Dan Allah sanggup melimpahkan segala kasih karunia kepada kamu, supaya kamu senantiasa berkecukupan di dalam segala sesuatu dan malah berkelebihan di dalam pelbagai kebajikan. Seperti ada tertulis: “Ia membagi-bagikan, Ia memberikan kepada orang miskin, kebenaran-Nya tetap untuk selamanya.” Ia yang menyediakan benih bagi penabur, dan roti untuk dimakan, Ia juga yang akan menyediakan benih bagi kamu dan melipatgandakannya dan menumbuhkan buah-buah kebenaranmu; kamu akan diperkaya dalam segala macam kemurahan hati, yang membangkitkan syukur kepada Allah oleh karena kami (2 Korintus 9:8-11).

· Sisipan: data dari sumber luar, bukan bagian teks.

lemma correctable_imp_commute:
  assumes op: "orth_proj n P" and Ec: "\<forall>E \<in> set Es. E \<in> carrier_mat n n"
    and es: "msum n (map (\<lambda>E. mat_adjoint E * E) Es) = 1\<^sub>m n"
    and sa: "star_subalgebra_on n P \<A>"
    and ch: "channel n R" and rec: "\<forall>X \<in> \<A>. P * dual_map n (R \<circ> kraus_map n Es) X * P = P * X * P"
  shows "\<forall>X \<in> \<A>. \<forall>b < length Es. \<forall>c < length Es.
            (P * mat_adjoint (Es ! c) * (Es ! b) * P) * X = X * (P * mat_adjoint (Es ! c) * (Es ! b) * P)"
proof (intro ballI allI impI)
  fix X b c assume X: "X \<in> \<A>" and b: "b < length Es" and c: "c < length Es"
  have P: "P \<in> carrier_mat n n" and PP: "P * P = P" and Ph: "mat_adjoint P = P"
    using op unfolding orth_proj_def by auto
  have Ac: "\<A> \<subseteq> carrier_mat n n" and APA: "\<forall>X\<in>\<A>. P * X * P = X"
    and Amult: "\<forall>X\<in>\<A>. \<forall>Y\<in>\<A>. X * Y \<in> \<A>" and Aadj: "\<forall>X\<in>\<A>. mat_adjoint X \<in> \<A>"
    using sa unfolding star_subalgebra_on_def by auto
  obtain Ks where Kc: "\<forall>K\<in>set Ks. K \<in> carrier_mat n n" and RK: "\<forall>\<rho>\<in>carrier_mat n n. R \<rho> = kraus_map n Ks \<rho>"
    using kraus_representation ch unfolding channel_def by blast
  have Ku: "kraus_dual n Ks (1\<^sub>m n) = 1\<^sub>m n"
    by (rule kraus_dual_one_if_trace_preserving[OF Kc RK]) (use ch in \<open>auto simp: channel_def\<close>)
  define Fs where "Fs = kraus_comp Ks Es"
  have Fc: "\<forall>F\<in>set Fs. F \<in> carrier_mat n n" unfolding Fs_def by (rule kraus_comp_carrier[OF Kc Ec])
  have Fu: "kraus_dual n Fs (1\<^sub>m n) = 1\<^sub>m n"
    unfolding Fs_def kraus_dual_kraus_comp[OF Kc Ec one_carrier_mat] Ku kraus_dual_one[OF Ec] es ..
  have fixed: "P * kraus_dual n Fs Y * P = Y" if Y: "Y \<in> \<A>" for Y
  proof -
    have Yc: "Y \<in> carrier_mat n n" using Y Ac by auto
    have "P * kraus_dual n Fs Y * P = P * dual_map n (R \<circ> kraus_map n Es) Y * P"
      unfolding Fs_def kraus_dual_kraus_comp[OF Kc Ec Yc] dual_map_kraus_comp[OF Kc Ec RK Yc] ..
    then show ?thesis using rec Y APA by auto
  qed
  have "\<forall>F\<in>set Fs. F * P * Z = Z * F * P" if Z: "Z \<in> \<A>" for Z
    using Z Ac APA Aadj Amult
    by (intro kraus_commute_if_compression_fixed[OF Fc P Ph PP _ _ Fu] fixed) auto
  then show "(P * mat_adjoint (Es ! c) * (Es ! b) * P) * X = X * (P * mat_adjoint (Es ! c) * (Es ! b) * P)"
    using X Aadj Ac unfolding Fs_def by (intro compressed_product_commute[OF Kc Ku Ec P Ph _ b c]) auto
qed
section \<open>Polar decomposition\<close>

lemma index_adjoint_self_diag:
  assumes Z: "(Z::cmat) \<in> carrier_mat r c" and k: "k < c"
  shows "(mat_adjoint Z * Z) $$ (k,k) = complex_of_real (\<Sum>i<r. (cmod (Z $$ (i,k)))\<^sup>2)"
proof -
  have "(mat_adjoint Z * Z) $$ (k,k) = (\<Sum>i<r. cnj (Z $$ (i,k)) * Z $$ (i,k))"
    by (subst index_mult_sum'[OF adjoint_carrier[OF Z] Z k k]) (use Z k in auto)
  also have "\<dots> = (\<Sum>i<r. complex_of_real ((cmod (Z $$ (i,k)))\<^sup>2))"
    by (intro sum.cong refl) (rule cnj_mult_self)
  finally show ?thesis by simp
qed

lemma adjoint_self_mult_eq_zero:
  assumes Z: "(Z::cmat) \<in> carrier_mat r c" and z: "mat_adjoint Z * Z = 0\<^sub>m c c"
  shows "Z = 0\<^sub>m r c"
proof (rule eq_matI)
  fix i k assume ik: "i < dim_row (0\<^sub>m r c :: cmat)" "k < dim_col (0\<^sub>m r c :: cmat)"
  have "(mat_adjoint Z * Z) $$ (k,k) = 0" using z ik by simp
  then have "complex_of_real (\<Sum>i<r. (cmod (Z $$ (i,k)))\<^sup>2) = 0"
    using index_adjoint_self_diag[OF Z, of k] ik by simp
  then have "(\<Sum>i<r. (cmod (Z $$ (i,k)))\<^sup>2) = 0" by (simp only: of_real_eq_0_iff)
  then have "(cmod (Z $$ (i,k)))\<^sup>2 = 0"
    by (subst (asm) sum_nonneg_eq_0_iff) (use ik in auto)
  then show "Z $$ (i,k) = 0\<^sub>m r c $$ (i,k)" using ik by simp
qed (use Z in auto)

locale gram_diagonalization =
  fixes S :: cmat and n N :: nat and V :: cmat and d :: "nat \<Rightarrow> real"
  assumes S: "S \<in> carrier_mat n N" and V: "unitary N V"
    and gram_eq: "mat_adjoint S * S = V * real_diag_mat N d * mat_adjoint V"
begin

definition diag_fun :: "(real \<Rightarrow> real) \<Rightarrow> cmat" where
  "diag_fun f = V * real_diag_mat N (\<lambda>k. f (d k)) * mat_adjoint V"

lemma diag_fun_carrier[simp]: "diag_fun f \<in> carrier_mat N N"
  unfolding diag_fun_def using unitaryD(1)[OF V] by simp

lemma adjoint_diag_fun: "mat_adjoint (diag_fun f) = diag_fun f"
  unfolding diag_fun_def by (rule adjoint_unitary_conj_real_diag[OF unitaryD(1)[OF V]])

lemma diag_fun_mult: "diag_fun f * diag_fun g = diag_fun (\<lambda>x. f x * g x)"
  unfolding diag_fun_def by (rule unitary_conj_real_diag_mult[OF V])

lemma diag_fun_cong: "(\<And>k. k < N \<Longrightarrow> f (d k) = g (d k)) \<Longrightarrow> diag_fun f = diag_fun g"
  unfolding diag_fun_def by (metis real_diag_mat_cong)

lemma diag_fun_add: "diag_fun f + diag_fun g = diag_fun (\<lambda>x. f x + g x)"
proof -
  note Vc = unitaryD(1)[OF V]
  have "diag_fun f + diag_fun g =
      (V * real_diag_mat N (\<lambda>k. f (d k)) + V * real_diag_mat N (\<lambda>k. g (d k))) * mat_adjoint V"
    unfolding diag_fun_def using Vc by (intro add_mult_distrib_mat[symmetric]) auto
  also have "V * real_diag_mat N (\<lambda>k. f (d k)) + V * real_diag_mat N (\<lambda>k. g (d k)) =
      V * real_diag_mat N (\<lambda>k. f (d k) + g (d k))"
    by (simp add: mult_add_distrib_mat[OF Vc real_diag_mat_carrier real_diag_mat_carrier, symmetric] real_diag_mat_add)
  finally show ?thesis unfolding diag_fun_def .
qed

lemma gram_diag_fun: "mat_adjoint S * S = diag_fun (\<lambda>x. x)"
  unfolding diag_fun_def gram_eq by simp

lemma diag_fun_one: "diag_fun (\<lambda>x. 1) = 1\<^sub>m N"
  unfolding diag_fun_def using unitaryD[OF V] by (simp add: real_diag_mat_one)

lemma diag_fun_zero: "diag_fun (\<lambda>x. 0) = 0\<^sub>m N N"
  unfolding diag_fun_def using unitaryD[OF V] by (simp add: real_diag_mat_zero)

lemma eigenvalue_nonneg:
  assumes k: "k < N"
  shows "d k \<ge> 0"
proof -
  note V' = unitaryD[OF V]
  have SV: "S * V \<in> carrier_mat n N" using S V' by (intro mult_carrier_mat) auto
  have "mat_adjoint (S * V) * (S * V) = mat_adjoint V * (mat_adjoint S * (S * V))"
    unfolding adjoint_mult[OF S V'(1)] by (rule assoc_mult_mat[OF adjoint_carrier[OF V'(1)] adjoint_carrier[OF S] SV])
  also have "mat_adjoint S * (S * V) = mat_adjoint S * S * V"
    by (rule assoc_mult_mat[OF adjoint_carrier[OF S] S V'(1), symmetric])
  also have "mat_adjoint V * (mat_adjoint S * S * V) = mat_adjoint V * (mat_adjoint S * S) * V"
    by (rule assoc_mult_mat[OF adjoint_carrier[OF V'(1)] mult_carrier_mat[OF adjoint_carrier[OF S] S] V'(1), symmetric])
  also have "\<dots> = real_diag_mat N d" unfolding gram_eq by (rule unitary_conj_cancel[OF V real_diag_mat_carrier])
  finally have "(mat_adjoint (S * V) * (S * V)) $$ (k,k) = complex_of_real (d k)"
    using k by (simp add: real_diag_mat_def)
  moreover have "(mat_adjoint (S * V) * (S * V)) $$ (k,k) = complex_of_real (\<Sum>i<n. (cmod ((S * V) $$ (i,k)))\<^sup>2)"
    by (rule index_adjoint_self_diag[OF SV k])
  ultimately have "d k = (\<Sum>i<n. (cmod ((S * V) $$ (i,k)))\<^sup>2)" by (metis of_real_eq_iff)
  then show ?thesis by (simp add: sum_nonneg)
qed

lemma commute_diag_fun:
  assumes Y: "Y \<in> carrier_mat N N" and comm: "Y * (mat_adjoint S * S) = (mat_adjoint S * S) * Y"
  shows "Y * diag_fun f = diag_fun f * Y"
  unfolding diag_fun_def by (rule commute_unitary_conj_real_diag_fun[OF V Y comm[unfolded gram_eq]])

abbreviation gram_sqrt :: cmat where "gram_sqrt \<equiv> diag_fun sqrt"

abbreviation gram_sqrt_pinv :: cmat where
  "gram_sqrt_pinv \<equiv> diag_fun (\<lambda>x. if x > 0 then 1 / sqrt x else 0)"

abbreviation support_proj :: cmat where "support_proj \<equiv> diag_fun (\<lambda>x. if x > 0 then 1 else 0)"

Semuanya merupakan hal yang tidak dapat dibeli dengan uang dan hanya dapat diperoleh karena anugerah Tuhan semata. Kemampuan untuk menabur lebih banyak akan diberikan sehingga mengalami pelipatgandaan tuaian. Berkat Tuhanlah yang menjadikan kaya, susah payah tidak akan menambahinya.

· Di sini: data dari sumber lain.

lemma continuous_on_Min:
  fixes f :: "'u \<Rightarrow> 'a::topological_space \<Rightarrow> 'b::linorder_topology"
  assumes "finite U" "U \<noteq> {}" "\<And>u. u \<in> U \<Longrightarrow> continuous_on S (f u)"
  shows "continuous_on S (\<lambda>x. Min ((\<lambda>u. f u x) ` U))"
  using assms
proof (induction U rule: finite_ne_induct)
  case (insert u U)
  then have "continuous_on S (\<lambda>x. min (f u x) (Min ((\<lambda>u. f u x) ` U)))"
    by (intro continuous_on_min) auto
  then show ?case using insert by simp
qed simp

lemma concave_on_integral:
  assumes S: "convex S"
    and concave: "\<And>y. y \<in> space M \<Longrightarrow> concave_on S (\<lambda>x. f x y)"
    and integrable: "\<And>x. x \<in> S \<Longrightarrow> integrable M (f x)"
  shows "concave_on S (\<lambda>x. \<integral>y. f x y \<partial>M)"
  unfolding concave_on_iff
proof (intro conjI ballI allI impI S)
  fix x1 x2 and u v :: real
  assume x: "x1 \<in> S" "x2 \<in> S" and uv: "0 \<le> u" "0 \<le> v" "u + v = 1"
  then have "u *\<^sub>R x1 + v *\<^sub>R x2 \<in> S" using S by (simp add: convexD)
  then have "(\<integral>y. u * f x1 y + v * f x2 y \<partial>M) \<le> (\<integral>y. f (u *\<^sub>R x1 + v *\<^sub>R x2) y \<partial>M)"
    using x uv concave integrable unfolding concave_on_iff
    by (intro Bochner_Integration.integral_mono) auto
  then show "u * (\<integral>y. f x1 y \<partial>M) + v * (\<integral>y. f x2 y \<partial>M) \<le> (\<integral>y. f (u *\<^sub>R x1 + v *\<^sub>R x2) y \<partial>M)"
    using x integrable by simp
qed

lemma continuous_on_integral_dominated:
  fixes f :: "'a::metric_space \<Rightarrow> 'y \<Rightarrow> real"
  assumes measurable: "\<And>x. x \<in> S \<Longrightarrow> f x \<in> borel_measurable M"
    and h: "integrable M h"
    and bound: "\<And>x y. x \<in> S \<Longrightarrow> y \<in> space M \<Longrightarrow> \<bar>f x y\<bar> \<le> h y"
    and continuous: "\<And>y. y \<in> space M \<Longrightarrow> continuous_on S (\<lambda>x. f x y)"
  shows "continuous_on S (\<lambda>x. \<integral>y. f x y \<partial>M)"
proof (rule continuous_on_sequentiallyI)
  fix xs a assume xs: "\<forall>n. xs n \<in> S" and a: "a \<in> S" and lim: "xs \<longlonglongrightarrow> a"
  show "(\<lambda>n. \<integral>y. f (xs n) y \<partial>M) \<longlonglongrightarrow> (\<integral>y. f a y \<partial>M)"
  proof (rule integral_dominated_convergence[OF measurable[OF a] _ h])
    show "f (xs n) \<in> borel_measurable M" for n
      using xs measurable by blast
    show "AE y in M. (\<lambda>n. f (xs n) y) \<longlonglongrightarrow> f a y"
      using continuous xs a lim by (auto simp: continuous_on_sequentially comp_def)
    show "AE y in M. norm (f (xs n) y) \<le> h y" for n
      using xs bound by auto
  qed
qed

lemma borel_measurable_vec_lambda:
  fixes f :: "'y \<Rightarrow> 'n::finite \<Rightarrow> real"
  assumes "\<And>i. (\<lambda>y. f y i) \<in> borel_measurable M"
  shows "(\<lambda>y. \<chi> i. f y i) \<in> borel_measurable M"
proof (rule borel_measurable_euclidean_space[THEN iffD2], intro ballI)
  fix b :: "real^'n" assume "b \<in> Basis"
  then obtain j where "b = axis j 1" by (auto simp: Basis_vec_def)
  then show "(\<lambda>y. (\<chi> i. f y i) \<bullet> b) \<in> borel_measurable M"
    using assms by (simp add: inner_axis)
qed

lemma continuous_on_x_ln_x: "continuous_on {0..} (\<lambda>x::real. x * ln x)"
  unfolding continuous_on_eq_continuous_within
proof
  fix x :: real assume "x \<in> {0..}"
  show "continuous (at x within {0..}) (\<lambda>x. x * ln x)"
  proof (cases "x = 0")
    case True
    have "((\<lambda>x::real. x * ln x) \<longlongrightarrow> 0) (at_right 0)" by real_asymp
    then show ?thesis using True by (simp add: continuous_within at_within_Ici_at_right)
  next
    case False
    with \<open>x \<in> {0..}\<close> have "isCont (\<lambda>x. x * ln x) x" by (auto intro!: continuous_intros)
    then show ?thesis by (rule continuous_at_imp_continuous_at_within)
  qed
qed

lemma convex_on_x_ln_x: "convex_on {0..} (\<lambda>x::real. x * ln x)"
proof (rule convex_on_linorderI)
  have pos: "convex_on {0<..} (\<lambda>x::real. x * ln x)"
    by (rule f''_ge0_imp_convex[where f' = "\<lambda>x. ln x + 1" and f'' = "\<lambda>x. 1 / x"])
       (auto intro!: derivative_eq_intros)
  fix t x y :: real
  assume t: "0 < t" "t < 1" and xy: "x \<in> {0..}" "y \<in> {0..}" "x < y"
  show "((1 - t) *\<^sub>R x + t *\<^sub>R y) * ln ((1 - t) *\<^sub>R x + t *\<^sub>R y)
      \<le> (1 - t) * (x * ln x) + t * (y * ln y)"
  proof (cases "x = 0")
    case True
    \<comment> \<open>the inequality reduces to \<open>ln t \<le> 0\<close>\<close>
    have "t * y * ln t \<le> 0" using t xy by (intro mult_nonneg_nonpos) auto
    then show ?thesis using True t xy by (simp add: ln_mult algebra_simps)
  next
    case False
    then show ?thesis using t xy convex_onD[OF pos, of t x y] by simp
  qed
qed simp

lemma belief_simplex_eq: "belief_simplex = {0..} \<inter> {p :: real^'n::finite. (\<Sum>i\<in>UNIV. p $ i) = 1}"
proof -
  have "p $ i \<le> 1" if "0 \<le> p" "(\<Sum>i\<in>UNIV. p $ i) = 1" for p :: "real^'n" and i
    using that member_le_sum[of i UNIV "\<lambda>i. p $ i"] by (simp add: less_eq_vec_def)
  then show ?thesis by (auto simp: belief_simplex_def less_eq_vec_def)
qed

lemma convex_nonneg_vec: "convex ({0..} :: (real^'n::finite) set)"
  by (auto simp: convex_def less_eq_vec_def)

lemma belief_simplex_subset_nonneg: "belief_simplex \<subseteq> {0..}"
  by (simp add: belief_simplex_eq)

lemma sum_belief_simplex: "p \<in> belief_simplex \<Longrightarrow> (\<Sum>i\<in>UNIV. p $ i) = 1"
  by (simp add: belief_simplex_def)

lemma convex_belief_simplex: "convex (belief_simplex :: (real^'n::finite) set)"
  unfolding belief_simplex_eq
  by (intro convex_Int convex_nonneg_vec) (auto simp: convex_def sum.distrib sum_distrib_left[symmetric])

lemma compact_belief_simplex: "compact (belief_simplex :: (real^'n::finite) set)"
proof -
  have "belief_simplex = cbox (0::real^'n) 1 \<inter> {p. (\<Sum>i\<in>UNIV. p $ i) = 1}"
    by (auto simp: belief_simplex_def mem_box_cart)
  moreover have "closed {p::real^'n. (\<Sum>i\<in>UNIV. p $ i) = 1}"
    by (intro closed_Collect_eq continuous_intros)
  ultimately show ?thesis by (metis compact_Int_closed compact_cbox)
qed

lemma belief_simplex_nonempty: "(belief_simplex :: (real^'n::finite) set) \<noteq> {}"
proof -
  have "(\<chi> i. 1 / real CARD('n)) \<in> (belief_simplex :: (real^'n) set)"
    by (auto simp: belief_simplex_def)
  then show ?thesis by blast
qed

lemma sum_nonneg_vec_eq_0_iff:
  fixes q :: "real^'n::finite"
  assumes "0 \<le> q"
  shows "(\<Sum>i\<in>UNIV. q $ i) = 0 \<longleftrightarrow> q = 0"
  using assms sum_nonneg_eq_0_iff[of UNIV "\<lambda>i. q $ i"] by (auto simp: less_eq_vec_def vec_eq_iff)

lemma normalized_in_belief_simplex:
  fixes q :: "real^'n::finite"
  assumes "0 \<le> q" "0 < (\<Sum>i\<in>UNIV. q $ i)"
  shows "(1 / (\<Sum>i\<in>UNIV. q $ i)) *\<^sub>R q \<in> belief_simplex"
  using assms by (auto simp: belief_simplex_eq less_eq_vec_def sum_divide_distrib[symmetric])

lemma linear_weighted_sum: "linear (\<lambda>p::real^'n::finite. \<Sum>i\<in>UNIV. p $ i * w i)"
  by (rule linearI) (simp_all add: sum.distrib sum_distrib_left algebra_simps)

lemma linear_scale_coordinates: "linear (\<lambda>p::real^'n::finite. \<chi> j. a j * p $ j)"
  by (rule linearI) (simp_all add: vec_eq_iff algebra_simps)

text \<open>The perspective of g with the total mass as scaling variable: the extension of g from
  the simplex to the nonnegative orthant that is positively homogeneous of degree one.\<close>

definition perspective :: "(real^'n::finite \<Rightarrow> real) \<Rightarrow> real^'n \<Rightarrow> real" where
  "perspective g q = (\<Sum>i\<in>UNIV. q $ i) * g ((1 / (\<Sum>i\<in>UNIV. q $ i)) *\<^sub>R q)"

lemma perspective_scaleR:
  assumes "0 \<le> a"
  shows "perspective g (a *\<^sub>R q) = a * perspective g q"
  using assms by (cases "a = 0") (auto simp: perspective_def sum_distrib_left[symmetric])

lemma concave_on_perspective:
  fixes g :: "real^'n::finite \<Rightarrow> real"
  assumes g: "concave_on belief_simplex g"
  shows "concave_on {0..} (perspective g)"
  unfolding concave_on_iff
proof (intro conjI ballI allI impI convex_nonneg_vec)
  fix q1 q2 :: "real^'n" and u v :: real
  assume q1: "q1 \<in> {0..}" and q2: "q2 \<in> {0..}" and u: "0 \<le> u" and v: "0 \<le> v" and uv: "u + v = 1"
  define s1 where "s1 = (\<Sum>i\<in>UNIV. q1 $ i)"
  define s2 where "s2 = (\<Sum>i\<in>UNIV. q2 $ i)"
  have s1: "0 \<le> s1" and s2: "0 \<le> s2"
    using q1 q2 by (auto simp: s1_def s2_def less_eq_vec_def intro: sum_nonneg)
  have weight1: "u * perspective g q1 = (u * s1) * g ((1 / s1) *\<^sub>R q1)"
   and weight2: "v * perspective g q2 = (v * s2) * g ((1 / s2) *\<^sub>R q2)"
    by (simp_all add: perspective_def s1_def s2_def)
  have null1: "u *\<^sub>R q1 = 0" if "u * s1 = 0"
    using that q1 sum_nonneg_vec_eq_0_iff[of q1] by (auto simp: s1_def)
  have null2: "v *\<^sub>R q2 = 0" if "v * s2 = 0"
    using that q2 sum_nonneg_vec_eq_0_iff[of q2] by (auto simp: s2_def)
  show "u * perspective g q1 + v * perspective g q2 \<le> perspective g (u *\<^sub>R q1 + v *\<^sub>R q2)"
  proof (cases "u * s1 = 0 \<or> v * s2 = 0")
    case True
    then show ?thesis
      using null1 null2 weight1 weight2 perspective_scaleR[OF u, of g q1] perspective_scaleR[OF v, of g q2]
      by auto
  next
    case False
    with u v s1 s2 have pos1: "0 < u * s1" and pos2: "0 < v * s2" by auto
    define s where "s = u * s1 + v * s2"
    define z1 where "z1 = (1 / s1) *\<^sub>R q1"
    define z2 where "z2 = (1 / s2) *\<^sub>R q2"
    have s: "0 < s" using pos1 pos2 by (simp add: s_def)
    have z: "z1 \<in> belief_simplex" "z2 \<in> belief_simplex"
      using q1 q2 pos1 pos2 u v normalized_in_belief_simplex[of q1] normalized_in_belief_simplex[of q2]
      by (auto simp: z1_def z2_def s1_def s2_def zero_less_mult_iff)
    have sum_comb: "(\<Sum>i\<in>UNIV. (u *\<^sub>R q1 + v *\<^sub>R q2) $ i) = s"
      by (simp add: s_def s1_def s2_def sum.distrib sum_distrib_left)
    have comb: "(1 / s) *\<^sub>R (u *\<^sub>R q1 + v *\<^sub>R q2) = (u * s1 / s) *\<^sub>R z1 + (v * s2 / s) *\<^sub>R z2"
      using pos1 pos2 by (auto simp: z1_def z2_def scaleR_add_right)
    have weights: "0 \<le> u * s1 / s" "0 \<le> v * s2 / s" "u * s1 / s + v * s2 / s = 1"
      using pos1 pos2 s by (simp_all add: s_def add_divide_distrib[symmetric])
    have "(u * s1 / s) * g z1 + (v * s2 / s) * g z2 \<le> g ((u * s1 / s) *\<^sub>R z1 + (v * s2 / s) *\<^sub>R z2)"
      using g z weights unfolding concave_on_iff by blast
    then have "s * ((u * s1 / s) * g z1 + (v * s2 / s) * g z2)
        \<le> s * g ((1 / s) *\<^sub>R (u *\<^sub>R q1 + v *\<^sub>R q2))"
      using s by (simp add: comb)
    also have "\<dots> = perspective g (u *\<^sub>R q1 + v *\<^sub>R q2)"
      unfolding perspective_def sum_comb ..
    finally show ?thesis
      using s by (simp add: weight1 weight2 z1_def z2_def algebra_simps)
  qed
qed

lemma abs_perspective_le:
  assumes K: "\<And>p. p \<in> belief_simplex \<Longrightarrow> \<bar>g p\<bar> \<le> K" and q: "0 \<le> q"
  shows "\<bar>perspective g q\<bar> \<le> K * (\<Sum>i\<in>UNIV. q $ i)"
proof (cases "(\<Sum>i\<in>UNIV. q $ i) = 0")
  case True
  then show ?thesis by (simp add: perspective_def)
next
  case False
  with q have s: "0 < (\<Sum>i\<in>UNIV. q $ i)"
    by (simp add: less_eq_vec_def order_less_le sum_nonneg)
  have "\<bar>perspective g q\<bar> = (\<Sum>i\<in>UNIV. q $ i) * \<bar>g ((1 / (\<Sum>i\<in>UNIV. q $ i)) *\<^sub>R q)\<bar>"
    using s by (simp add: perspective_def abs_mult)
  also have "\<dots> \<le> (\<Sum>i\<in>UNIV. q $ i) * K"
    using s K[OF normalized_in_belief_simplex[OF q s]] by (intro mult_left_mono) auto
  finally show ?thesis by (simp add: mult.commute)
qed

lemma bounded_on_belief_simplex:
  fixes g :: "real^'n::finite \<Rightarrow> real"
  assumes "continuous_on belief_simplex g"
  obtains K where "\<And>p. p \<in> belief_simplex \<Longrightarrow> \<bar>g p\<bar> \<le> K"
  using compact_imp_bounded[OF compact_continuous_image[OF assms compact_belief_simplex]]
  unfolding bounded_iff by auto

lemma continuous_on_perspective:
  fixes g :: "real^'n::finite \<Rightarrow> real"
  assumes g: "continuous_on belief_simplex g"
  shows "continuous_on {0..} (perspective g)"
  unfolding continuous_on_def
proof
  obtain K where K: "\<And>p. p \<in> belief_simplex \<Longrightarrow> \<bar>g p\<bar> \<le> K"
    using bounded_on_belief_simplex[OF g] by blast
  fix q :: "real^'n" assume q: "q \<in> {0..}"
  have in_domain: "\<forall>\<^sub>F r in at q within {0..}. 0 \<le> r"
    by (simp add: eventually_at_filter)
  have sum_tendsto: "((\<lambda>r. \<Sum>i\<in>UNIV. r $ i) \<longlongrightarrow> (\<Sum>i\<in>UNIV. q $ i)) (at q within {0..})"
    by (intro tendsto_intros)
  show "(perspective g \<longlongrightarrow> perspective g q) (at q within {0..})"
  proof (cases "(\<Sum>i\<in>UNIV. q $ i) = 0")
    case True
    \<comment> \<open>at the origin, perspective g is squeezed by its bound K times the mass\<close>
    have "(perspective g \<longlongrightarrow> 0) (at q within {0..})"
    proof (rule Lim_null_comparison)
      show "\<forall>\<^sub>F r in at q within {0..}. norm (perspective g r) \<le> K * (\<Sum>i\<in>UNIV. r $ i)"
        using in_domain by eventually_elim (simp add: abs_perspective_le[OF K])
      show "((\<lambda>r. K * (\<Sum>i\<in>UNIV. r $ i)) \<longlongrightarrow> 0) (at q within {0..})"
        using tendsto_mult_left[OF sum_tendsto, of K] True by simp
    qed
    then show ?thesis using True by (simp add: perspective_def)
  next
    case False
    with q have s: "0 < (\<Sum>i\<in>UNIV. q $ i)"
      by (simp add: less_eq_vec_def order_less_le sum_nonneg)
    have "\<forall>\<^sub>F r in at q within {0..}. (1 / (\<Sum>i\<in>UNIV. r $ i)) *\<^sub>R r \<in> belief_simplex"
      using in_domain order_tendstoD(1)[OF sum_tendsto s]
      by eventually_elim (rule normalized_in_belief_simplex)
    then have "((\<lambda>r. g ((1 / (\<Sum>i\<in>UNIV. r $ i)) *\<^sub>R r))
        \<longlongrightarrow> g ((1 / (\<Sum>i\<in>UNIV. q $ i)) *\<^sub>R q)) (at q within {0..})"
      using s normalized_in_belief_simplex[of q] q
      by (intro continuous_on_tendsto_compose[OF g] tendsto_intros) auto
    then show ?thesis
      unfolding perspective_def by (intro tendsto_mult sum_tendsto)
  qed
qed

Jika kita menjadikan Tuhan sebagai yang terutama di hidup kita serta mau taat melakukan kehendak-Nya maka berkat-berkat seperti di ataslah yang otomatis akan mengejar kita. Apa saja yang kita kerjakan akan Tuhan buat berhasil. Itu merupakan janji Tuhan sendiri dan Dia mengikatkan Diri-Nya sendiri dengan sumpah untuk memperkuat apa yang Dia janjikan pasti akan digenapi.
Karena itu, untuk lebih meyakinkan mereka yang berhak menerima janji itu akan kepastian putusan-Nya, Allah telah mengikat diri-Nya dengan sumpah, supaya oleh dua kenyataan yang tidak berubah-ubah, tentang mana Allah tidak mungkin berdusta, kita yang mencari perlindungan, beroleh dorongan yang kuat untuk menjangkau pengharapan yang terletak di depan kita. Pengharapan itu adalah sauh yang kuat dan aman bagi jiwa kita, yang telah dilabuhkan sampai ke belakang tabir (Ibrani 6:17-10).

PENUTUP
Salah satu syarat untuk kita dapat menuai adalah kekuatan hati untuk tidak menjadi lemah dan tawar hati; karena apabila sudah tiba waktunya kita akan menuai yang kita tabur. Jangan berhenti menabur benih yang baik walaupun sepertinya hasil belum terlihat, bertekun dalam mengasihi Tuhan, bertekun dalam kesabaran, bertekun dalam kebenaran dan menabur dalam Roh, bertekun dalam doa, bertekun dalam menanggung segala perkara, bertekun dalam menundukkan kedagingan dan bertekun sampai garis akhir karena waktu untuk menuai itu ada. Mendahulukan Tuhan dan melakukan kehendak-Nya adalah benih terbaik yang akan menghasilkan mukjijat penuaian dan pelipatgandaan. Dalam persekutuan kita dengan Tuhan, jerih payah kita tidak akan sia-sia.
Tuhan Yesus menyertai dan memberkati kehidupan saudara, Amen.